The problem: Where a line of the records holds the string "distinct", copy that line.

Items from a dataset
——————————

(* Let $d\ge 2$ and $\nu=\delta_1$ (the Dirac mass at $1$). Then, in the continuous greedy paths model driven by $\nu$, $\mathbb{E}S<+\infty$.
   Context: Let $\xi$ be a Poisson point process on $\mathbb{R}^d\times(0,+\infty)$ with intensity the product of Lebesgue measure on $\mathbb{R}^d$ and the finite measure $\nu$, and let $\Xi$ be its projection on $\mathbb{R}^d$. For $x\in\Xi$, $r(x)$ denotes the (a.s. unique) positive real with $(x,r(x))\in\xi$; for $x\notin\Xi$, $r(x)=0$. A path is a finite sequence $\pi=(x_0,\dots,x_n)$ of distinct points of $\mathbb{R}^d$; its length $|\pi|=\sum_{i=0}^{n-1}\|x_{i+1}-x_i\|$ (Euclidean norm), and its weight $A(\pi)=\sum_{i=0}^n r(x_i)$. Define $S=\sup\{A(\pi)/|\pi|\}$, the supremum over all paths with $x_0=0$ and $|\pi|>0$ (working on the a.s. event $0\notin\Xi$). *)

theory Defs
  imports "HOL-Analysis.Analysis" "HOL-Probability.Probability"
begin

definition poisson_point_process ::
  "'b measure \<Rightarrow> ('b \<Rightarrow> 'p set) \<Rightarrow> 'p measure \<Rightarrow> bool" where
  "poisson_point_process M Xi mu \<longleftrightarrow>
     prob_space M \<and>
     (\<forall>B \<in> sets mu. emeasure mu B < \<infinity> \<longrightarrow>
        (AE \<omega> in M. finite (Xi \<omega> \<inter> B)) \<and>
        (\<lambda>\<omega>. card (Xi \<omega> \<inter> B)) \<in> measurable M (count_space UNIV) \<and>
        (\<forall>k::nat. measure M {\<omega> \<in> space M. card (Xi \<omega> \<inter> B) = k}
            = (measure mu B) ^ k / fact k * exp (- measure mu B))) \<and>
     (\<forall>(I::nat set) (B::nat \<Rightarrow> 'p set). finite I \<longrightarrow>
        (\<forall>i\<in>I. B i \<in> sets mu \<and> emeasure mu (B i) < \<infinity>) \<longrightarrow>
        disjoint_family_on B I \<longrightarrow>
        prob_space.indep_vars M (\<lambda>_. count_space UNIV)
           (\<lambda>i \<omega>. card (Xi \<omega> \<inter> B i)) I)"

text \<open>Greedy paths model.  xi is the (marked) point set in R^d x (0,inf).\<close>

definition mark :: "('a \<times> real) set \<Rightarrow> 'a \<Rightarrow> real" where
  "mark xi x = (if \<exists>t. (x, t) \<in> xi then (SOME t. (x, t) \<in> xi) else 0)"

definition path_length :: "'a::real_normed_vector list \<Rightarrow> real" where
  "path_length p = sum_list (map (\<lambda>(x, y). norm (y - x)) (zip p (tl p)))"

definition path_weight :: "('a \<times> real) set \<Rightarrow> 'a list \<Rightarrow> real" where
  "path_weight xi p = sum_list (map (mark xi) p)"

definition origin_paths :: "'a::real_normed_vector list set" where
  "origin_paths = {p. p \<noteq> [] \<and> distinct p \<and> hd p = 0 \<and> path_length p > 0}"

definition greedy_S :: "('a::real_normed_vector \<times> real) set \<Rightarrow> ennreal" where
  "greedy_S xi = (SUP p \<in> origin_paths. ennreal (path_weight xi p / path_length p))"

end

theory Submission
  imports Defs
begin

text \<open>Since all marks equal 1, the weight of a path is the number of points of the process
  on it. Cut space into cubes of side 1/K. A path from the origin of length L through N points
  is shadowed by a king walk on the lattice with at most K L + N steps whose visited cubes
  contain all N points. So if weight/length is at least K, some king walk with 2 N steps sees
  at least N points in the union of its at most 2 N + 1 cubes, a region of volume at most
  (2 N + 1) / K^d. There are at most 9^(d N) such walks, and by the Poisson tail bound each
  one sees N points with probability at most ((2 N + 1) / K^d)^N / N!. For d \<ge> 2 the sum over
  walks and N is O(1/K^2), so S \<le> 1 + \<Sum>j 2^(j+1) 1{S \<ge> 2^j} has finite expectation.\<close>

lemma abs_floor_diff_le:
  fixes a b :: real
  shows "\<bar>\<lfloor>a\<rfloor> - \<lfloor>b\<rfloor>\<bar> \<le> \<lceil>\<bar>a - b\<bar>\<rceil>"
proof -
  have "real_of_int \<bar>\<lfloor>a\<rfloor> - \<lfloor>b\<rfloor>\<bar> < real_of_int (\<lceil>\<bar>a - b\<bar>\<rceil> + 1)"
    using floor_correct[of a] floor_correct[of b] le_of_int_ceiling[of "\<bar>a - b\<bar>"]
      abs_ge_self[of "a - b"] abs_ge_minus_self[of "a - b"]
    unfolding of_int_abs of_int_diff of_int_add of_int_1 abs_less_iff by linarith
  then show ?thesis
    by (simp only: of_int_less_iff)
qed

lemma ex_dyadic_bracket:
  fixes s :: real
  assumes "s \<ge> 1"
  shows "\<exists>j. 2 ^ j \<le> s \<and> s < 2 ^ Suc j"
proof -
  define j where "j = nat \<lfloor>log 2 s\<rfloor>"
  have "\<lfloor>log 2 s\<rfloor> = int j"
    using assms by (simp add: j_def)
  then have "2 powr real j \<le> s \<and> s < 2 powr (real j + 1)"
    using floor_log_eq_powr_iff[of s 2 "int j"] assms by simp
  then show ?thesis
    by (auto simp: powr_add powr_realpow)
qed

lemma power_div_fact_le_exp:
  fixes x :: real
  assumes "x \<ge> 0"
  shows "x ^ n / fact n \<le> exp x"
proof -
  obtain t where "exp x = (\<Sum>k<Suc n. x ^ k / fact k) + exp t / fact (Suc n) * x ^ Suc n"
    using Maclaurin_exp_le[of x "Suc n"] by blast
  moreover have "x ^ n / fact n \<le> (\<Sum>k<Suc n. x ^ k / fact k)"
    using assms by (intro member_le_sum) auto
  moreover have "0 \<le> exp t / fact (Suc n) * x ^ Suc n"
    using assms by simp
  ultimately show ?thesis
    by linarith
qed

lemma power_linear_div_fact_le:
  fixes c :: real
  assumes "m > 0" "c \<ge> 0"
  shows "(real (2 * m + 1) * c) ^ m / fact m \<le> (3 * exp 1 * c) ^ m"
proof -
  have "real (2 * m + 1) * c \<le> (3 * real m) * c"
    using assms by (intro mult_right_mono) auto
  then have "(real (2 * m + 1) * c) ^ m \<le> (3 * real m * c) ^ m"
    using assms by (intro power_mono) auto
  also have "\<dots> = (3 * c) ^ m * real m ^ m"
    by (simp add: power_mult_distrib ac_simps)
  finally have "(real (2 * m + 1) * c) ^ m / fact m \<le> (3 * c) ^ m * (real m ^ m / fact m)"
    by (simp add: divide_right_mono)
  also have "\<dots> \<le> (3 * c) ^ m * exp (real m)"
    using assms by (intro mult_left_mono power_div_fact_le_exp) auto
  also have "\<dots> = (3 * exp 1 * c) ^ m"
    using exp_of_nat_mult[of m "1::real"] by (simp add: power_mult_distrib)
  finally show ?thesis .
qed

lemma poisson_tail_le:
  fixes m :: real
  assumes "m \<ge> 0"
  shows "1 - exp (- m) * (\<Sum>k<n. m ^ k / fact k) \<le> m ^ n / fact n"
proof -
  obtain t where t: "\<bar>t\<bar> \<le> \<bar>m\<bar>" "exp m = (\<Sum>k<n. m ^ k / fact k) + exp t / fact n * m ^ n"
    using Maclaurin_exp_le[of m n] by blast
  have "1 - exp (- m) * (\<Sum>k<n. m ^ k / fact k) = exp (- m) * (exp m - (\<Sum>k<n. m ^ k / fact k))"
    by (simp add: right_diff_distrib exp_minus_inverse mult.commute)
  also have "\<dots> = exp (- m) * (exp t / fact n * m ^ n)"
    using t(2) by simp
  also have "\<dots> = exp (t - m) * (m ^ n / fact n)"
    by (simp add: exp_diff exp_minus field_simps)
  also have "\<dots> \<le> m ^ n / fact n"
    using t(1) assms by (intro mult_left_le_one_le) auto
  finally show ?thesis .
qed

lemma card_le_card_Int_Times_UNIV:
  assumes "S \<subseteq> fst ` X" "S \<subseteq> A" "finite (X \<inter> A \<times> UNIV)"
  shows "card S \<le> card (X \<inter> A \<times> UNIV)"
proof -
  have "S \<subseteq> fst ` (X \<inter> A \<times> UNIV)"
    using assms(1,2) by force
  then have "card S \<le> card (fst ` (X \<inter> A \<times> UNIV))"
    using assms(3) by (intro card_mono) auto
  also have "\<dots> \<le> card (X \<inter> A \<times> UNIV)"
    using assms(3) by (rule card_image_le)
  finally show ?thesis .
qed

lemma emeasure_pair_return_Times:
  assumes "A \<in> sets M" "B \<in> sets N" "x \<in> space N"
  shows "emeasure (M \<Otimes>\<^sub>M return N x) (A \<times> B) = emeasure M A * indicator B x"
proof -
  interpret sigma_finite_measure "return N x"
    using assms(3) by (intro prob_space_imp_sigma_finite prob_space_return)
  show ?thesis
    using assms by (simp add: emeasure_pair_measure_Times)
qed

lemma nn_integral_dyadic_indicator_sum_finite:
  fixes c :: real
  assumes "c \<ge> 0" and "\<And>j. E j \<in> sets M" and "\<And>j. emeasure M (E j) \<le> ennreal (c / (2 ^ j)\<^sup>2)"
  shows "(\<integral>\<^sup>+\<omega>. (\<Sum>j. ennreal (2 ^ Suc j) * indicator (E j) \<omega>) \<partial>M) < \<infinity>"
proof -
  have "(\<integral>\<^sup>+\<omega>. (\<Sum>j. ennreal (2 ^ Suc j) * indicator (E j) \<omega>) \<partial>M)
          = (\<Sum>j. ennreal (2 ^ Suc j) * emeasure M (E j))"
    using assms(2) by (subst nn_integral_suminf) (auto simp: nn_integral_cmult_indicator)
  also have "\<dots> \<le> (\<Sum>j. ennreal (2 * c * (1 / 2) ^ j))"
  proof (rule suminf_le)
    fix j :: nat
    have "ennreal (2 ^ Suc j) * emeasure M (E j) \<le> ennreal (2 ^ Suc j) * ennreal (c / (2 ^ j)\<^sup>2)"
      by (intro mult_left_mono assms(3)) simp
    also have "\<dots> = ennreal (2 ^ Suc j * (c / (2 ^ j)\<^sup>2))"
      by (rule ennreal_mult'[symmetric]) simp
    also have "2 ^ Suc j * (c / (2 ^ j)\<^sup>2) = 2 * c * (1 / 2 :: real) ^ j"
      by (simp add: power2_eq_square power_one_over field_simps)
    finally show "ennreal (2 ^ Suc j) * emeasure M (E j) \<le> ennreal (2 * c * (1 / 2) ^ j)" .
  qed (rule summableI)+
  also have "\<dots> < \<infinity>"
  proof -
    have "summable (\<lambda>j. 2 * c * (1 / 2 :: real) ^ j)"
      by (intro summable_mult summable_geometric) simp
    then have "(\<Sum>j. ennreal (2 * c * (1 / 2) ^ j)) \<noteq> top"
      using assms(1) by (intro ennreal_suminf_neq_top) auto
    then show ?thesis
      by (simp add: less_top)
  qed
  finally show ?thesis .
qed

section \<open>Paths\<close>

lemma path_length_Nil [simp]: "path_length [] = 0"
  by (simp add: path_length_def)

lemma path_length_singleton [simp]: "path_length [x] = 0"
  by (simp add: path_length_def)

lemma path_length_Cons_Cons [simp]:
  "path_length (x # y # ys) = norm (y - x) + path_length (y # ys)"
  by (simp add: path_length_def)

lemma path_length_Cons_le:
  "path_length (x # ys) \<le> norm (y - x) + path_length (y # ys)"
proof (cases ys)
  case (Cons z zs)
  then show ?thesis using norm_triangle_ineq[of "y - x" "z - y"] by simp
qed simp

lemma path_length_filter_le: "path_length (x # filter P xs) \<le> path_length (x # xs)"
proof (induction xs arbitrary: x)
  case (Cons y ys)
  show ?case
  proof (cases "P y")
    case False
    then have "path_length (x # filter P (y # ys)) \<le> path_length (x # ys)"
      using Cons.IH by simp
    also have "\<dots> \<le> path_length (x # y # ys)"
      using path_length_Cons_le by simp
    finally show ?thesis .
  qed (simp add: Cons.IH)
qed simp

lemma mark_le_of_bool:
  assumes "\<And>x t. (x, t) \<in> xi \<Longrightarrow> t \<le> 1"
  shows "mark xi x \<le> of_bool (x \<in> fst ` xi)"
  using assms someI_ex[of "\<lambda>t. (x, t) \<in> xi"] by (force simp: mark_def)

lemma path_weight_le_length_filter:
  assumes "\<And>x t. (x, t) \<in> xi \<Longrightarrow> t \<le> 1"
  shows "path_weight xi p \<le> length (filter (\<lambda>x. x \<in> fst ` xi) p)"
proof -
  have "path_weight xi p \<le> (\<Sum>x\<leftarrow>p. of_bool (x \<in> fst ` xi))"
    unfolding path_weight_def using mark_le_of_bool[OF assms] by (rule sum_list_mono)
  also have "\<dots> = length (filter (\<lambda>x. x \<in> fst ` xi) p)"
    by (induction p) auto
  finally show ?thesis .
qed

lemma marked_points_of_heavy_path:
  fixes xi :: "('a::real_normed_vector \<times> real) set"
  assumes "K > 0" and marks: "\<And>x t. (x, t) \<in> xi \<Longrightarrow> t \<le> 1"
    and p: "p \<in> origin_paths" and ratio: "K \<le> path_weight xi p / path_length p"
  defines "ys \<equiv> filter (\<lambda>x. x \<in> fst ` xi) p"
  shows "K * path_length (0 # ys) \<le> length ys" and "ys \<noteq> []"
proof -
  obtain p' where p': "p = 0 # p'" and L: "path_length p > 0"
    using p by (cases p) (auto simp: origin_paths_def)
  have "K * path_length p \<le> path_weight xi p"
    using ratio L by (simp add: le_divide_eq)
  also have "\<dots> \<le> length ys"
    unfolding ys_def using marks by (rule path_weight_le_length_filter)
  finally have KL: "K * path_length p \<le> length ys" .
  have "path_length (0 # ys) \<le> path_length (0 # p)"
    unfolding ys_def by (rule path_length_filter_le)
  also have "\<dots> = path_length p"
    using p' by simp
  finally show "K * path_length (0 # ys) \<le> length ys"
    using KL \<open>K > 0\<close> by (meson mult_left_mono order.trans less_imp_le)
  show "ys \<noteq> []"
    using KL mult_pos_pos[OF \<open>K > 0\<close> L] by auto
qed

section \<open>King walks and the cubes they visit\<close>

definition king_steps :: "(int ^ 'd) set" where
  "king_steps = {s. \<forall>j. \<bar>s $ j\<bar> \<le> 1}"

text \<open>A walk on the lattice is the list of its steps; it starts at the origin.\<close>

definition king_walks :: "nat \<Rightarrow> (int ^ 'd) list set" where
  "king_walks n = {w. set w \<subseteq> king_steps \<and> length w = n}"

definition visited :: "(int ^ 'd) list \<Rightarrow> (int ^ 'd) set" where
  "visited w = (\<lambda>t. sum_list (take t w)) ` {..length w}"

lemma finite_visited: "finite (visited w)"
  by (simp add: visited_def)

lemma card_visited_le: "card (visited w) \<le> length w + 1"
  unfolding visited_def using card_image_le[of "{..length w}"] by simp

lemma sum_list_mem_visited: "sum_list w \<in> visited w"
  unfolding visited_def by (auto intro!: image_eqI[of _ _ "length w"])

lemma visited_append_left: "visited w1 \<subseteq> visited (w1 @ w2)"
proof
  fix p assume "p \<in> visited w1"
  then obtain t where "t \<le> length w1" "p = sum_list (take t w1)"
    unfolding visited_def by auto
  then show "p \<in> visited (w1 @ w2)"
    unfolding visited_def by (auto intro!: image_eqI[of _ _ t])
qed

——————————

Answer area:
   Context: Let $\xi$ be a Poisson point process on $\mathbb{R}^d\times(0,+\infty)$ with intensity the product of Lebesgue measure on $\mathbb{R}^d$ and the finite measure $\nu$, and let $\Xi$ be its projection on $\mathbb{R}^d$. For $x\in\Xi$, $r(x)$ denotes the (a.s. unique) positive real with $(x,r(x))\in\xi$; for $x\notin\Xi$, $r(x)=0$. A path is a finite sequence $\pi=(x_0,\dots,x_n)$ of distinct points of $\mathbb{R}^d$; its length $|\pi|=\sum_{i=0}^{n-1}\|x_{i+1}-x_i\|$ (Euclidean norm), and its weight $A(\pi)=\sum_{i=0}^n r(x_i)$. Define $S=\sup\{A(\pi)/|\pi|\}$, the supremum over all paths with $x_0=0$ and $|\pi|>0$ (working on the a.s. event $0\notin\Xi$). *)
  "origin_paths = {p. p \<noteq> [] \<and> distinct p \<and> hd p = 0 \<and> path_length p > 0}"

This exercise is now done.